6 czerwca upał, który dwa dni wcześniej wszedł na najwyższy poziom (31,1 maksymalnie i 21,9 średnio), przerwała piękna, nocna burza.
Ochłodziło się i zaczęło padać, ale nic nie miało drastycznej postaci. Nadal było ciepło - temperatury śmiało przekraczały 20 stopni, a w burzowym dniu 9 czerwca zbliżyła się o 0,1 do 26. Choć niektóre dni były dość pochmurne, Słońca nadal nie brakowało. Do 13 czerwca panowała przyjemna, zmienna pogoda. Dopiero później ochłodziło się bardziej znacznie.

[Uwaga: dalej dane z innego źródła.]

definition cols2 :: "real^2 \<Rightarrow> real^2 \<Rightarrow> real^2^2" where
  "cols2 u v = mat2 (u$1) (v$1) (u$2) (v$2)"

definition delta :: "(nat \<Rightarrow> real) \<Rightarrow> (nat \<Rightarrow> real) \<Rightarrow> nat \<Rightarrow> nat \<Rightarrow> real" where
  "delta m q i j = 1 - q i * q j / (m i * m j)"

definition alpha :: "(nat \<Rightarrow> real) \<Rightarrow> real \<Rightarrow> real \<Rightarrow> real \<Rightarrow> real" where
  "alpha m t1 t2 t3 = sqrt (m 2 * m 3 * (sin t1)^2 + m 3 * m 1 * (sin t2)^2 + m 1 * m 2 * (sin t3)^2)"

definition avec :: "(nat \<Rightarrow> real) \<Rightarrow> real \<Rightarrow> real \<Rightarrow> real \<Rightarrow> nat \<Rightarrow> real^2" where
  "avec m t1 t2 t3 i =
     (1 / alpha m t1 t2 t3) *\<^sub>R
     (if i = 1 then vec2 (m 2 * cos t2 * sin t3 - m 3 * sin t2 * cos t3) ((m 2 + m 3) * sin t2 * sin t3)
      else if i = 2 then vec2 (- m 1 * cos t2 * sin t3 - m 3 * sin (t2 + t3)) (- m 1 * sin t2 * sin t3)
      else vec2 (m 2 * sin (t2 + t3) + m 1 * sin t2 * cos t3) (- m 1 * sin t2 * sin t3))"

definition Amat :: "(nat \<Rightarrow> real) \<Rightarrow> real \<Rightarrow> real \<Rightarrow> real \<Rightarrow> nat \<Rightarrow> real^2^2" where
  "Amat m t1 t2 t3 i = cols2 (avec m t1 t2 t3 i) (Jm *v avec m t1 t2 t3 i)"

definition rho :: "(nat \<Rightarrow> real) \<Rightarrow> nat \<Rightarrow> real" where
  "rho m i = sqrt (m 1 * m 2 * m 3) / m i"

definition Bmat :: "(nat \<Rightarrow> real) \<Rightarrow> real \<Rightarrow> real \<Rightarrow> real \<Rightarrow> nat \<Rightarrow> real^2^2" where
  "Bmat m t1 t2 t3 i =
     (if i = 1 then (rho m 1 * sin t1 / alpha m t1 t2 t3) *\<^sub>R mat 1
      else if i = 2 then (- (rho m 2 * sin t2 / alpha m t1 t2 t3)) *\<^sub>R rot t3
      else (- (rho m 3 * sin t3 / alpha m t1 t2 t3)) *\<^sub>R rot (- t2))"

text \<open>Block row i of the product calA * X, for X = (g, z, w).\<close>
definition calA_act :: "(nat \<Rightarrow> real) \<Rightarrow> real \<Rightarrow> real \<Rightarrow> real \<Rightarrow> real^2 \<Rightarrow> real^2 \<Rightarrow> real^2 \<Rightarrow> nat \<Rightarrow> real^2" where
  "calA_act m t1 t2 t3 g z w i = g + Amat m t1 t2 t3 i *v z + Bmat m t1 t2 t3 i *v w"

text \<open>calA^T * P for P = (p_1, p_2, p_3); P = calA^(-T) Y is equivalent to Y = calA^T P.\<close>
definition calAT_act :: "(nat \<Rightarrow> real) \<Rightarrow> real \<Rightarrow> real \<Rightarrow> real \<Rightarrow> (nat \<Rightarrow> real^2) \<Rightarrow> (real^2) \<times> (real^2) \<times> (real^2)" where
  "calAT_act m t1 t2 t3 P =
     ((\<Sum>i\<in>{1,2,3}. P i),
      (\<Sum>i\<in>{1,2,3}. transpose (Amat m t1 t2 t3 i) *v P i),
      (\<Sum>i\<in>{1,2,3}. transpose (Bmat m t1 t2 t3 i) *v P i))"

definition mu :: "(nat \<Rightarrow> real) \<Rightarrow> (nat \<Rightarrow> real) \<Rightarrow> real \<Rightarrow> real \<Rightarrow> real \<Rightarrow> real" where
  "mu m q t1 t2 t3 =
     (\<Sum>(i,j)\<in>{(1,2),(1,3),(2,3)}. m i * m j * delta m q i j / norm (avec m t1 t2 t3 i - avec m t1 t2 t3 j))"

definition Upot :: "(nat \<Rightarrow> real) \<Rightarrow> (nat \<Rightarrow> real) \<Rightarrow> real \<Rightarrow> real \<Rightarrow> real \<Rightarrow> real^2 \<Rightarrow> real^2 \<Rightarrow> real" where
  "Upot m q t1 t2 t3 z w =
     (\<Sum>(i,j)\<in>{(1,2),(1,3),(2,3)}. m i * m j * delta m q i j /
        norm ((Amat m t1 t2 t3 i - Amat m t1 t2 t3 j) *v z + (Bmat m t1 t2 t3 i - Bmat m t1 t2 t3 j) *v w))"

definition rtrue :: "real \<Rightarrow> real \<Rightarrow> real \<Rightarrow> real" where
  "rtrue p e th = p / (1 + e * cos th)"

definition sigma :: "(nat \<Rightarrow> real) \<Rightarrow> (nat \<Rightarrow> real) \<Rightarrow> real \<Rightarrow> real \<Rightarrow> real \<Rightarrow> real \<Rightarrow> real" where
  "sigma m q t1 t2 t3 p = (mu m q t1 t2 t3 * p) powr (1/4)"

definition Ham :: "(nat \<Rightarrow> real) \<Rightarrow> (nat \<Rightarrow> real) \<Rightarrow> real \<Rightarrow> real \<Rightarrow> real \<Rightarrow> real \<Rightarrow> real \<Rightarrow>
                   real \<Rightarrow> real^2 \<Rightarrow> real^2 \<Rightarrow> real^2 \<Rightarrow> real^2 \<Rightarrow> real" where
  "Ham m q t1 t2 t3 p e th Zb Wb zb wb =
     (1/2) * ((norm Zb)^2 + (norm Wb)^2) + (zb \<bullet> (Jm *v Zb) + wb \<bullet> (Jm *v Wb))
     + (p - rtrue p e th) / (2 * p) * ((norm zb)^2 + (norm wb)^2)
     - rtrue p e th / sigma m q t1 t2 t3 p * Upot m q t1 t2 t3 zb wb"

text \<open>A curve (Zb, Wb, zb, wb) (independent variable theta) solves Hamilton's equations
  for a time-dependent Hamiltonian H(theta, Z, W, z, w), where z, w are the positions and
  Z, W the conjugate momenta:  z' = dH/dZ, w' = dH/dW, Z' = - dH/dz, W' = - dH/dw.\<close>
definition hamiltonian_solution ::
  "(real \<Rightarrow> real^2 \<Rightarrow> real^2 \<Rightarrow> real^2 \<Rightarrow> real^2 \<Rightarrow> real) \<Rightarrow>
   (real \<Rightarrow> real^2) \<Rightarrow> (real \<Rightarrow> real^2) \<Rightarrow> (real \<Rightarrow> real^2) \<Rightarrow> (real \<Rightarrow> real^2) \<Rightarrow> bool" where
  "hamiltonian_solution H Zc Wc zc wc \<longleftrightarrow>
     (\<forall>th. \<exists>dZ dW dz dw.
        (Zc has_vector_derivative dZ) (at th) \<and> (Wc has_vector_derivative dW) (at th) \<and>
        (zc has_vector_derivative dz) (at th) \<and> (wc has_vector_derivative dw) (at th) \<and>
        ((\<lambda>Z. H th Z (Wc th) (zc th) (wc th)) has_derivative (\<lambda>v. dz \<bullet> v)) (at (Zc th)) \<and>
        ((\<lambda>W. H th (Zc th) W (zc th) (wc th)) has_derivative (\<lambda>v. dw \<bullet> v)) (at (Wc th)) \<and>
        ((\<lambda>z. H th (Zc th) (Wc th) z (wc th)) has_derivative (\<lambda>v. - (dZ \<bullet> v))) (at (zc th)) \<and>
        ((\<lambda>w. H th (Zc th) (Wc th) (zc th) w) has_derivative (\<lambda>v. - (dW \<bullet> v))) (at (wc th)))"
lemma integrable_envelope: "integrable \<mu> envelope" "integrable \<pi> envelope"
  using lipschitz_borel_measurable[OF lipschitz_envelope] abs_envelope_le_1
  by (auto intro: integrable_\<mu> integrable_\<pi>)

lemma integrable_bump: "integrable \<mu> bump" "integrable \<pi> bump"
  using lipschitz_borel_measurable[OF lipschitz_bump] abs_bump_le_1
  by (auto intro: integrable_\<mu> integrable_\<pi>)

lemma integrable_D: "integrable \<mu> D\<mu>" "integrable \<mu> D\<pi>" "integrable \<pi> D\<pi>"
  using D\<mu>_borel D\<pi>_borel D\<mu>_range D\<pi>_range
  by (auto intro!: integrable_\<mu>[where B = 1] integrable_\<pi>[where B = 1])

lemma D\<pi>_le_D\<mu>_plus: "D\<pi> x \<le> D\<mu> x + \<epsilon>2"
  using D\<pi>_D\<mu>_close[of x] by (simp add: abs_le_iff)

lemma integral_bump_\<pi>_le: "(\<integral>x. bump x \<partial>\<pi>) \<le> measure \<pi> (A_bar D\<pi> \<rho>)"
proof -
  have "A_bar D\<pi> \<rho> \<in> sets \<pi>"
    using borel_closed[OF closed_A_bar] sets_\<pi> by simp
  then have "integrable \<pi> (indicator (A_bar D\<pi> \<rho>) :: 'a \<Rightarrow> real)"
    by (rule integrable_real_indicator) (simp_all add: \<pi>.emeasure_finite less_top[symmetric])
  then have "(\<integral>x. bump x \<partial>\<pi>) \<le> (\<integral>x. indicator (A_bar D\<pi> \<rho>) x \<partial>\<pi>)"
    using integrable_bump(2) bump_le_indicator by (intro integral_mono) auto
  also have "\<dots> = measure \<pi> (A_bar D\<pi> \<rho>)"
    by (simp add: sets_eq_imp_space_eq[OF sets_\<pi>])
  finally show ?thesis .
qed

lemma integral_bump_\<mu>_le: "(\<integral>x. bump x \<partial>\<mu>) \<le> measure \<pi> (A_bar D\<pi> \<rho>) + \<epsilon>1 / \<rho>"
  using lipschitz_integral_diff_le[OF lipschitz_bump] integral_bump_\<pi>_le \<rho>_pos by simp

lemma integral_envelope_diff_le: "(\<integral>x. envelope x \<partial>\<pi>) - (\<integral>x. envelope x \<partial>\<mu>) \<le> \<epsilon>1 / \<rho>"
proof -
  have "(1 / \<rho>)-lipschitz_on UNIV (\<lambda>x. - envelope x)"
    using lipschitz_envelope by simp
  from lipschitz_integral_diff_le[OF this] show ?thesis
    using \<rho>_pos by simp
qed
theorem proposition2p8:
  fixes d :: nat and B s :: real
  assumes "d \<ge> 2" and "B > 1" and "0 < s" and "s < 1"
  shows "(SUP \<alpha>\<in>{\<alpha>. admissible d B \<alpha>}. minval d B s \<alpha>) = B powr (- g d s)
       \<and> (\<exists>\<alpha>. admissible d B \<alpha> \<and> (\<forall>k\<in>{1..d}. mterm d B s \<alpha> k = minval d B s \<alpha>))
       \<and> (\<forall>\<alpha>. admissible d B \<alpha> \<and> (\<forall>k\<in>{1..d}. mterm d B s \<alpha> k = minval d B s \<alpha>)
              \<longrightarrow> minval d B s \<alpha> = B powr (- g d s))"
proof -
  have g_d: "- g d s = - 1 / ginv d s"
    using g_eq_inverse_ginv[OF assms(3,4), of "d - 1"] assms(1) by (simp add: Suc_diff_1)
  let ?\<beta> = "balanced_point d B s"
  have "(SUP \<alpha>\<in>{\<alpha>. admissible d B \<alpha>}. minval d B s \<alpha>) = B powr (- 1 / ginv d s)"
    using admissible_balanced_point[OF assms] minval_balanced_point[OF assms]
      minval_le_bound[OF _ assms]
    by (intro cSup_eq_maximum) (auto intro: rev_image_eqI[of ?\<beta>])
  moreover have "\<forall>k\<in>{1..d}. mterm d B s ?\<beta> k = minval d B s ?\<beta>"
    using mterm_balanced_point[OF assms] minval_balanced_point[OF assms] by simp
  moreover have "minval d B s \<alpha> = B powr (- 1 / ginv d s)"
    if "admissible d B \<alpha>" "\<forall>k\<in>{1..d}. mterm d B s \<alpha> k = minval d B s \<alpha>" for \<alpha>
    using minval_le_bound[OF that(1) assms] bound_le_minval_if_balanced[OF that(1) assms that(2)]
    by simp
  ultimately show ?thesis
    using admissible_balanced_point[OF assms] unfolding g_d by blast
qed

end
(* Let $\sigma,\tau,\bar\sigma,\bar\tau$ satisfy the Standing Hypothesis, and let $m\ge 1$, $n\ge 2$ and $0\le x\le\min\{m,n-1\}$ be integers. Then $$\{\sigma,m,n,\tau\,|\,\bar\sigma,x,\bar\tau\}-\{\sigma,m+1,n-1,\tau\,|\,\bar\sigma,x,\bar\tau\}=A-B,$$ where $$A=\begin{cases}\{\sigma,m,n,\tau\,|\,\bar\sigma,x+1,\bar\tau\}&\text{if }x<m,\\ -\{\sigma\backslash\sigma_s,m+\sigma_s,n,\tau\,|\,\bar\sigma\backslash\bar\sigma_s,m+1,\bar\tau\}&\text{if }x=m,\end{cases}$$ $$B=\begin{cases}\{\sigma,m+1,n-1,\tau\,|\,\bar\sigma,x+1,\bar\tau\}&\text{if }x<n-1,\\ -\{\sigma,m+1,n-1+\tau_1,\tau\backslash\tau_1\,|\,\bar\sigma,n,\bar\tau\backslash\bar\tau_1\}&\text{if }x=n-1.\end{cases}$$ If $s=0$ the term containing $\sigma\backslash\sigma_s$ is replaced by $0$; if $t=0$ the term containing $\tau\backslash\tau_1$ is replaced by $0$.
   Context: Skew diagrams: for partitions $\mu\subseteq\lambda$, the skew diagram $\lambda/\mu$ is the set of boxes $(i,j)$ (row $i$, column $j$) with $\mu_i<j\le\lambda_i$; two skew diagrams are identified if one is obtained from the other by deleting empty rows or empty columns. The skew Schur function is $s_{\lambda/\mu}=\sum_T x^{c(T)}$, summed over semistandard Young tableaux $T$ of shape $\lambda/\mu$ (positive integer fillings, rows weakly increasing left to right, columns strictly increasing top to bottom), where $x^{c(T)}=\prod_i x_i^{\#\{i\text{'s in }T\}}$. Overlap notation: for integer sequences $\alpha=(\alpha_1,\dots,\alpha_L)$ with all $\alpha_i\ge1$ and $\beta=(\beta_1,\dots,\beta_{L-1})$ with $0\le\beta_i\le\min\{\alpha_i,\alpha_{i+1}\}$, $(\alpha\,|\,\beta)$ denotes the skew diagram $\lambda/\mu$ with $L$ nonempty rows such that $\lambda_i-\mu_i=\alpha_i$ for all $i$ and $\lambda_{i+1}-\mu_i=\beta_i$ for $1\le i<L$ (row $i$ has $\alpha_i$ boxes and rows $i,i+1$ share exactly $\beta_i$ columns, row $i+1$ lying weakly to the left); $\{\alpha\,|\,\beta\}$ denotes its skew Schur function $s_{\lambda/\mu}$. Commas inside $\{\cdot|\cdot\}$ denote concatenation of sequences; $a^j$ denotes $j$ consecutive copies of $a$ (empty if $j=0$). Standing Hypothesis: $\sigma=(\sigma_1,\dots,\sigma_s)$ and $\tau=(\tau_1,\dots,\tau_t)$ are compositions (sequences of positive integers) with $s,t\ge0$; $\bar\sigma=(\bar\sigma_1,\dots,\bar\sigma_s)$ and $\bar\tau=(\bar\tau_1,\dots,\bar\tau_t)$ are sequences of non-negative integers; $\bar\sigma_s=1$ if $s>0$; $\bar\tau_1=1$ if $t>0$; $\bar\sigma_i\le\min\{\sigma_i,\sigma_{i+1}\}$ for $1\le i<s$, and $\bar\tau_i\le\min\{\tau_i,\tau_{i-1}\}$ for $1<i\le t$. (Thus in $\{\sigma,m,n,\tau\,|\,\bar\sigma,x,\bar\tau\}$, $\bar\sigma_s$ is the overlap of row $\sigma_s$ with row $m$, $x$ that of rows $m,n$, and $\bar\tau_1$ that of row $n$ with row $\tau_1$.) $\sigma\backslash\sigma_s$ denotes $\sigma$ with its last part removed, $\tau\backslash\tau_1$ denotes $\tau$ with its first part removed, and similarly $\bar\sigma\backslash\bar\sigma_s$, $\bar\tau\backslash\bar\tau_1$. When $s=0$ (resp. $t=0$), $\sigma,\bar\sigma$ (resp. $\tau,\bar\tau$) are simply absent. *)

theory Defs
  imports Main
begin

text \<open>Skew diagram lambda/mu (partitions given as lists of equal length, row i is 0-based,
columns are 1-based): boxes (i,j) with mu_i < j <= lambda_i.\<close>
definition skew_boxes :: "nat list \<Rightarrow> nat list \<Rightarrow> (nat \<times> nat) set" where
  "skew_boxes lam mu = {(i, j). i < length lam \<and> mu ! i < j \<and> j \<le> lam ! i}"
lemma unbounded_closed_convex_ray:
  fixes S :: "'a::euclidean_space set"
  assumes "closed S" "convex S" "\<not> bounded S" "z \<in> S"
  obtains d where "norm d = 1" "\<And>t. 0 \<le> t \<Longrightarrow> z + t *\<^sub>R d \<in> S"
proof -
  define D where "D n = sphere 0 1 \<inter> (\<lambda>d. z + real n *\<^sub>R d) -` S" for n :: nat
  have "compact (D n)" for n
    unfolding D_def
    by (intro compact_Int_closed compact_sphere continuous_closed_vimage assms(1) continuous_intros)
  moreover have "D n \<noteq> {}" for n
  proof -
    obtain f where f: "f \<in> S" "real n + norm z < norm f"
      using assms(3) unfolding bounded_iff by (meson not_le)
    then have far: "real n < norm (f - z)"
      using norm_triangle_ineq2[of f z] by linarith
    define d where "d = (1 / norm (f - z)) *\<^sub>R (f - z)"
    have "z + norm (f - z) *\<^sub>R d = f"
      using far by (auto simp: d_def)
    then have "z + real n *\<^sub>R d \<in> S"
      using convex_ray_shorten[OF assms(2,4), of "norm (f - z)" d "real n"] f(1) far by simp
    moreover have "norm d = 1"
      using far by (auto simp: d_def)
    ultimately show ?thesis
      by (auto simp: D_def)
  qed
  moreover have "D n \<subseteq> D m" if "m \<le> n" for m n
  proof
    fix d
    assume "d \<in> D n"
    then show "d \<in> D m"
      using convex_ray_shorten[OF assms(2,4), of "real n" d "real m"] that by (simp add: D_def)
  qed
  ultimately have "\<Inter> (range D) \<noteq> {}"
    by (rule compact_nest)
  then obtain d where d: "\<And>n. d \<in> D n"
    by blast
  have "z + t *\<^sub>R d \<in> S" if "0 \<le> t" for t
    using convex_ray_shorten[OF assms(2,4), of "real (nat \<lceil>t\<rceil>)" d t] d[of "nat \<lceil>t\<rceil>"] that real_nat_ceiling_ge[of t]
    by (simp add: D_def)
  moreover have "norm d = 1"
    using d[of 0] by (simp add: D_def)
  ultimately show thesis
    using that by blast
qed

section \<open>Asymptotic cones\<close>

lemma asymptotic_coneI:
  "(\<And>x t. x \<in> \<Omega> \<Longrightarrow> 0 \<le> t \<Longrightarrow> x + t *\<^sub>R u \<in> \<Omega>) \<Longrightarrow> u \<in> asymptotic_cone \<Omega>"
  by (simp add: asymptotic_cone_def)

lemma asymptotic_coneD:
  "u \<in> asymptotic_cone \<Omega> \<Longrightarrow> x \<in> \<Omega> \<Longrightarrow> 0 \<le> t \<Longrightarrow> x + t *\<^sub>R u \<in> \<Omega>"
  by (simp add: asymptotic_cone_def)

lemma add_asymptotic_cone_mem: "x \<in> \<Omega> \<Longrightarrow> u \<in> asymptotic_cone \<Omega> \<Longrightarrow> x + u \<in> \<Omega>"
  using asymptotic_coneD[of u \<Omega> x 1] by simp

lemma convex_cone_asymptotic_cone: "convex_cone (asymptotic_cone \<Omega>)"
  unfolding convex_cone_iff
proof (intro conjI ballI allI impI)
  show "0 \<in> asymptotic_cone \<Omega>"
    by (rule asymptotic_coneI) simp
  show "u + w \<in> asymptotic_cone \<Omega>" if "u \<in> asymptotic_cone \<Omega>" "w \<in> asymptotic_cone \<Omega>" for u w
  proof (rule asymptotic_coneI)
    fix x and t :: real
    assume "x \<in> \<Omega>" "0 \<le> t"
    then have "(x + t *\<^sub>R u) + t *\<^sub>R w \<in> \<Omega>"
      using that by (intro asymptotic_coneD) auto
    then show "x + t *\<^sub>R (u + w) \<in> \<Omega>"
      by (simp add: algebra_simps)
  qed
  show "c *\<^sub>R u \<in> asymptotic_cone \<Omega>" if "u \<in> asymptotic_cone \<Omega>" "0 \<le> c" for u c
    using that by (intro asymptotic_coneI) (metis asymptotic_coneD mult_nonneg_nonneg scaleR_scaleR)
qed

lemma conic_asymptotic_cone: "conic (asymptotic_cone \<Omega>)"
  using convex_cone_asymptotic_cone[of \<Omega>] by (simp add: convex_cone_def)

lemma asymptotic_cone_pointed:
  assumes "properly_convex \<Omega>" "\<Omega> \<noteq> {}" "u \<in> asymptotic_cone \<Omega>" "- u \<in> asymptotic_cone \<Omega>"
  shows "u = 0"
proof -
  obtain z where z: "z \<in> \<Omega>"
    using assms(2) by blast
  have "z + t *\<^sub>R u \<in> \<Omega>" for t
    using asymptotic_coneD[OF assms(3) z, of t] asymptotic_coneD[OF assms(4) z, of "- t"]
    by (cases "0 \<le> t") auto
  then show ?thesis
    using assms(1) unfolding properly_convex_def by blast
qed

lemma asymptotic_coneI_closure:
  fixes \<Omega> :: "'a::euclidean_space set"
  assumes "open \<Omega>" "convex \<Omega>" "z \<in> closure \<Omega>" and ray: "\<And>t. 0 \<le> t \<Longrightarrow> z + t *\<^sub>R d \<in> closure \<Omega>"
  shows "d \<in> asymptotic_cone \<Omega>"
proof (rule asymptotic_coneI)
  fix y and t :: real
  assume y: "y \<in> \<Omega>" and t: "0 \<le> t"
  \<comment> \<open>y + s d is the limit of points on the segments from y to z + (n + 1) s d\<close>
  have "y + s *\<^sub>R d \<in> closure \<Omega>" if "0 \<le> s" for s
  proof (rule closed_sequentially[OF closed_closure])
    let ?e = "\<lambda>n. inverse (real (Suc n))"
    show "(1 - ?e n) *\<^sub>R y + ?e n *\<^sub>R (z + (real (Suc n) * s) *\<^sub>R d) \<in> closure \<Omega>" for n
      using y closure_subset ray[of "real (Suc n) * s"] that
      by (intro convexD_alt convex_closure assms(2)) (auto simp: field_simps)
    have "(1 - ?e n) *\<^sub>R y + ?e n *\<^sub>R (z + (real (Suc n) * s) *\<^sub>R d)
        = y + s *\<^sub>R d + ?e n *\<^sub>R (z - y)" for n
    proof -
      have "?e n * (real (Suc n) * s) = s"
        by (simp add: field_simps)
      then have "?e n *\<^sub>R ((real (Suc n) * s) *\<^sub>R d) = s *\<^sub>R d"
        by (simp only: scaleR_scaleR)
      then show ?thesis
        by (simp only: scaleR_add_right) (simp add: algebra_simps)
    qed
    moreover have "(\<lambda>n. y + s *\<^sub>R d + ?e n *\<^sub>R (z - y)) \<longlonglongrightarrow> y + s *\<^sub>R d + 0 *\<^sub>R (z - y)"
      by (intro tendsto_intros LIMSEQ_inverse_real_of_nat)
    ultimately show "(\<lambda>n. (1 - ?e n) *\<^sub>R y + ?e n *\<^sub>R (z + (real (Suc n) * s) *\<^sub>R d)) \<longlonglongrightarrow> y + s *\<^sub>R d"
      by simp
  qed
  \<comment> \<open>y + t d is the midpoint of y \<in> interior and y + 2 t d \<in> closure\<close>
  then have "(y + (2 * t) *\<^sub>R d) - (1/2) *\<^sub>R ((y + (2 * t) *\<^sub>R d) - y) \<in> interior \<Omega>"
    using t y assms(1) by (intro mem_interior_closure_convex_shrink assms(2)) (auto simp: interior_open)
  moreover have "(y + (2 * t) *\<^sub>R d) - (1/2) *\<^sub>R ((y + (2 * t) *\<^sub>R d) - y) = y + t *\<^sub>R d"
    by (simp add: scaleR_diff_left[symmetric] diff_add_eq[symmetric])
  ultimately show "y + t *\<^sub>R d \<in> \<Omega>"
    using assms(1) by (metis interior_open)
qed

Od 14 do 17 czerwca nie notowano wysokich temperatur i należało przywdziać cieplejsze ubrania wobec braku osiągnięć 20 stopni. Bardzo źle (ale ciekawie!) przedstawia się na tym polu dzień 15 czerwca, kiedy średnia temperatura dobowa była jednocyfrowa, wyniosła 9,8 stopnia
W ciągu dnia temperatura ledwo przekraczała 10-11 stopni, a przy tym było... słonecznie Nie była to pełna lampa; tego dnia wystąpiły nawet przelotne opady - jednak fakt świecącego Słońca przy takim ziąbie u progu przesilenia letniego zdumiewa.
18 czerwca zaczęło się ocieplać, choć początkowo nieznacznie i temperatury przekraczały 20 stopnie nieznacznie. Zabawa zaczęła się 21 dnia miesiąca.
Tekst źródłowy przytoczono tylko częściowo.